# [WORK TO COMPLETE]
Using the data below, output the first line and every line after it up to and including the line containing "u v \<longleftrightarrow>", exactly as written and with nothing added.
[[ EXCERPTED RECORDS, beginning ]]
(* Let $n,k$ be positive integers with $T_k(n)\neq\emptyset$. Let $G\in T_k(n)$ and let $z$ be a quasi vertex of $G$. If $\alpha<0$ and ${}^0R_{\alpha}(G)$ is minimum over $T_k(n)$, then $d(z)=n-1$. If $\alpha>0$ and ${}^0R_{\alpha}(G)$ is maximum over $T_k(n)$, then $d(z)=n-1$.
   Context: All graphs are finite, simple, undirected and connected. For a graph $G$ and real $\alpha\neq 0$, the zeroth-order general Randić index is ${}^0R_{\alpha}(G)=\sum_{v\in V(G)}d(v)^{\alpha}$, where $d(v)$ is the degree of $v$. A connected graph $G$ is a $k$-generalized quasi tree if there is a subset $V_k\subset V(G)$ with $|V_k|=k$ such that $G-V_k$ is a tree, but for every subset $V_{k-1}\subset V(G)$ with $|V_{k-1}|=k-1$, $G-V_{k-1}$ is not a tree; the vertices of such a set $V_k$ are called quasi vertices of $G$. $T_k(n)$ denotes the class of $k$-generalized quasi trees of order $n$. *)

theory Defs
  imports Complex_Main
begin

definition simple_graph :: "nat set \<Rightarrow> nat set set \<Rightarrow> bool" where
  "simple_graph V E \<longleftrightarrow> finite V \<and>
     (\<forall>e\<in>E. \<exists>u v. u \<noteq> v \<and> u \<in> V \<and> v \<in> V \<and> e = {u, v})"

definition adj :: "nat set set \<Rightarrow> nat \<Rightarrow> nat \<Rightarrow> bool" where
  "adj E u v \<longleftrightarrow> u \<noteq> v \<and> {u, v} \<in> E"

definition degree :: "nat set \<Rightarrow> nat set set \<Rightarrow> nat \<Rightarrow> nat" where
  "degree V E v = card {u \<in> V. adj E v u}"

definition connected_graph :: "nat set \<Rightarrow> nat set set \<Rightarrow> bool" where
  "connected_graph V E \<longleftrightarrow> V \<noteq> {} \<and>
     (\<forall>u\<in>V. \<forall>v\<in>V. (u, v) \<in> {(a, b). adj E a b}\<^sup>*)"

definition has_cycle :: "nat set \<Rightarrow> nat set set \<Rightarrow> bool" where
  "has_cycle V E \<longleftrightarrow> (\<exists>cs. length cs \<ge> 3 \<and> distinct cs \<and> set cs \<subseteq> V \<and>
     (\<forall>i < length cs. adj E (cs ! i) (cs ! ((i + 1) mod length cs))))"

definition is_tree :: "nat set \<Rightarrow> nat set set \<Rightarrow> bool" where
  "is_tree V E \<longleftrightarrow> simple_graph V E \<and> connected_graph V E \<and> \<not> has_cycle V E"

definition del_vertices :: "nat set \<Rightarrow> nat set set \<Rightarrow> nat set \<Rightarrow> nat set \<times> nat set set" where
  "del_vertices V E S = (V - S, {e \<in> E. e \<inter> S = {}})"

definition removal_tree :: "nat set \<Rightarrow> nat set set \<Rightarrow> nat set \<Rightarrow> bool" where
  "removal_tree V E S \<longleftrightarrow> S \<subseteq> V \<and> is_tree (fst (del_vertices V E S)) (snd (del_vertices V E S))"

definition gen_quasi_tree :: "nat \<Rightarrow> nat set \<Rightarrow> nat set set \<Rightarrow> bool" where
  "gen_quasi_tree k V E \<longleftrightarrow> simple_graph V E \<and> connected_graph V E \<and>
     (\<exists>S. card S = k \<and> removal_tree V E S) \<and>
     (\<forall>S. S \<subseteq> V \<and> card S + 1 = k \<longrightarrow> \<not> removal_tree V E S)"

definition quasi_vertex :: "nat \<Rightarrow> nat set \<Rightarrow> nat set set \<Rightarrow> nat \<Rightarrow> bool" where
  "quasi_vertex k V E z \<longleftrightarrow> (\<exists>S. card S = k \<and> removal_tree V E S \<and> z \<in> S)"

definition T_class :: "nat \<Rightarrow> nat \<Rightarrow> (nat set \<times> nat set set) set" where
  "T_class k n = {(V, E). card V = n \<and> gen_quasi_tree k V E}"

definition zeroth_randic :: "real \<Rightarrow> nat set \<Rightarrow> nat set set \<Rightarrow> real" where
  "zeroth_randic \<alpha> V E = (\<Sum>v\<in>V. real (degree V E v) powr \<alpha>)"

end

theory Submission
  imports Defs
begin

text \<open>Choose a set S of k quasi vertices containing z and join every vertex of S to all
  other vertices. Deleting S still leaves the same tree, and no set S' of k - 1 vertices
  works: if S' \<subseteq> S, the vertex of S - S' closes a triangle with an edge of the tree (which
  has at least two vertices, since a graph with k + 1 vertices would already become a tree
  after deleting k - 1 of them); otherwise two vertices of S - S' close a triangle with a
  third vertex outside S'. So the new graph is again in T_k(n), all degrees weakly
  increase, and z gains degree unless it already had degree n - 1. As t powr \<alpha> is strictly
  decreasing in t > 0 for \<alpha> < 0 and strictly increasing for \<alpha> > 0, an extremal graph
  admits no such improvement.\<close>

lemma adj_sym: "adj E a b \<Longrightarrow> adj E b a"
  unfolding adj_def by (simp add: insert_commute)

lemma adj_mono: "E \<subseteq> E' \<Longrightarrow> adj E a b \<Longrightarrow> adj E' a b"
  unfolding adj_def by blast

lemma adj_del_vertices_iff:
  "adj {e \<in> E. e \<inter> S = {}} a b \<longleftrightarrow> adj E a b \<and> a \<notin> S \<and> b \<notin> S"
  unfolding adj_def by blast

lemma simple_graph_adj_in_vertices:
  assumes "simple_graph V E" "adj E a b"
  shows "b \<in> V"
proof -
  obtain u v where "u \<in> V" "v \<in> V" "{a, b} = {u, v}"
    using assms unfolding simple_graph_def adj_def by blast
  then show ?thesis by (auto simp: doubleton_eq_iff)
qed

lemma simple_graph_del_vertices:
  assumes "simple_graph V E"
  shows "simple_graph (V - S) {e \<in> E. e \<inter> S = {}}"
  using assms unfolding simple_graph_def by fastforce

lemma connected_graph_mono:
  assumes "connected_graph V E" "E \<subseteq> E'"
  shows "connected_graph V E'"
proof -
  have "{(a, b). adj E a b} \<subseteq> {(a, b). adj E' a b}"
    using adj_mono[OF assms(2)] by blast
  then show ?thesis
    using assms(1) rtrancl_mono unfolding connected_graph_def by blast
qed

lemma connected_graph_ex_adj:
  assumes "connected_graph V E" "u \<in> V" "v \<in> V" "u \<noteq> v"
  obtains y where "adj E u y"
proof -
  have "(u, v) \<in> {(a, b). adj E a b}\<^sup>*"
    using assms unfolding connected_graph_def by blast
  then show ?thesis
    using assms(4) that by (cases rule: converse_rtranclE) auto
qed

lemma card_ge_2_obtain_distinct:
  assumes "card A \<ge> 2"
  obtains a b where "a \<in> A" "b \<in> A" "a \<noteq> b"
proof -
  obtain a B where "A = insert a B" "a \<notin> B" "1 \<le> card B"
    using assms card_le_Suc_iff[of 1 A] by auto
  moreover then obtain b where "b \<in> B" by fastforce
  ultimately show ?thesis using that by blast
qed

lemma degree_le_card:
  assumes "finite V" "v \<in> V"
  shows "degree V E v \<le> card V - 1"
proof -
  have "{u \<in> V. adj E v u} \<subseteq> V - {v}" unfolding adj_def by blast
  then have "degree V E v \<le> card (V - {v})"
    unfolding degree_def using assms(1) by (simp add: card_mono)
  then show ?thesis using assms by simp
qed

lemma degree_mono:
  assumes "finite V" "E \<subseteq> E'"
  shows "degree V E v \<le> degree V E' v"
  unfolding degree_def using assms adj_mono[OF assms(2)]
  by (intro card_mono) auto

lemma degree_pos:
  assumes "simple_graph V E" "connected_graph V E" "card V \<ge> 2" "v \<in> V"
  shows "degree V E v \<ge> 1"
proof -
  obtain a b where "a \<in> V" "b \<in> V" "a \<noteq> b"
    using assms(3) card_ge_2_obtain_distinct by blast
  then obtain u where "u \<in> V" "u \<noteq> v" by metis
  then obtain y where vy: "adj E v y"
    using connected_graph_ex_adj[OF assms(2) assms(4)] by metis
  then have "y \<in> {u \<in> V. adj E v u}"
    using simple_graph_adj_in_vertices[OF assms(1)] by blast
  moreover have "finite V" using assms(1) unfolding simple_graph_def by blast
  ultimately have "card {u \<in> V. adj E v u} > 0" by (auto simp: card_gt_0_iff)
  then show ?thesis unfolding degree_def by simp
qed

lemma has_cycle_triangle:
  assumes "a \<in> V" "b \<in> V" "c \<in> V" "adj E a b" "adj E b c" "adj E c a"
  shows "has_cycle V E"
proof -
  have distinct: "a \<noteq> b" "b \<noteq> c" "c \<noteq> a"
    using assms(4-6) unfolding adj_def by blast+
  have "adj E ([a, b, c] ! i) ([a, b, c] ! ((i + 1) mod 3))" if "i < 3" for i
  proof -
    have "i = 0 \<or> i = 1 \<or> i = 2" using that by auto
    then show ?thesis using assms(4-6) by auto
  qed
  then show ?thesis
    unfolding has_cycle_def using assms(1-3) distinct
    by (intro exI[of _ "[a, b, c]"]) auto
qed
[[ EXCERPTED RECORDS, end ]]
# [REPLY TO THE TASK]
(* Let $n,k$ be positive integers with $T_k(n)\neq\emptyset$. Let $G\in T_k(n)$ and let $z$ be a quasi vertex of $G$. If $\alpha<0$ and ${}^0R_{\alpha}(G)$ is minimum over $T_k(n)$, then $d(z)=n-1$. If $\alpha>0$ and ${}^0R_{\alpha}(G)$ is maximum over $T_k(n)$, then $d(z)=n-1$.
   Context: All graphs are finite, simple, undirected and connected. For a graph $G$ and real $\alpha\neq 0$, the zeroth-order general Randić index is ${}^0R_{\alpha}(G)=\sum_{v\in V(G)}d(v)^{\alpha}$, where $d(v)$ is the degree of $v$. A connected graph $G$ is a $k$-generalized quasi tree if there is a subset $V_k\subset V(G)$ with $|V_k|=k$ such that $G-V_k$ is a tree, but for every subset $V_{k-1}\subset V(G)$ with $|V_{k-1}|=k-1$, $G-V_{k-1}$ is not a tree; the vertices of such a set $V_k$ are called quasi vertices of $G$. $T_k(n)$ denotes the class of $k$-generalized quasi trees of order $n$. *)

theory Defs
  imports Complex_Main
begin

definition simple_graph :: "nat set \<Rightarrow> nat set set \<Rightarrow> bool" where
  "simple_graph V E \<longleftrightarrow> finite V \<and>
     (\<forall>e\<in>E. \<exists>u v. u \<noteq> v \<and> u \<in> V \<and> v \<in> V \<and> e = {u, v})"

definition adj :: "nat set set \<Rightarrow> nat \<Rightarrow> nat \<Rightarrow> bool" where
  "adj E u v \<longleftrightarrow> u \<noteq> v \<and> {u, v} \<in> E"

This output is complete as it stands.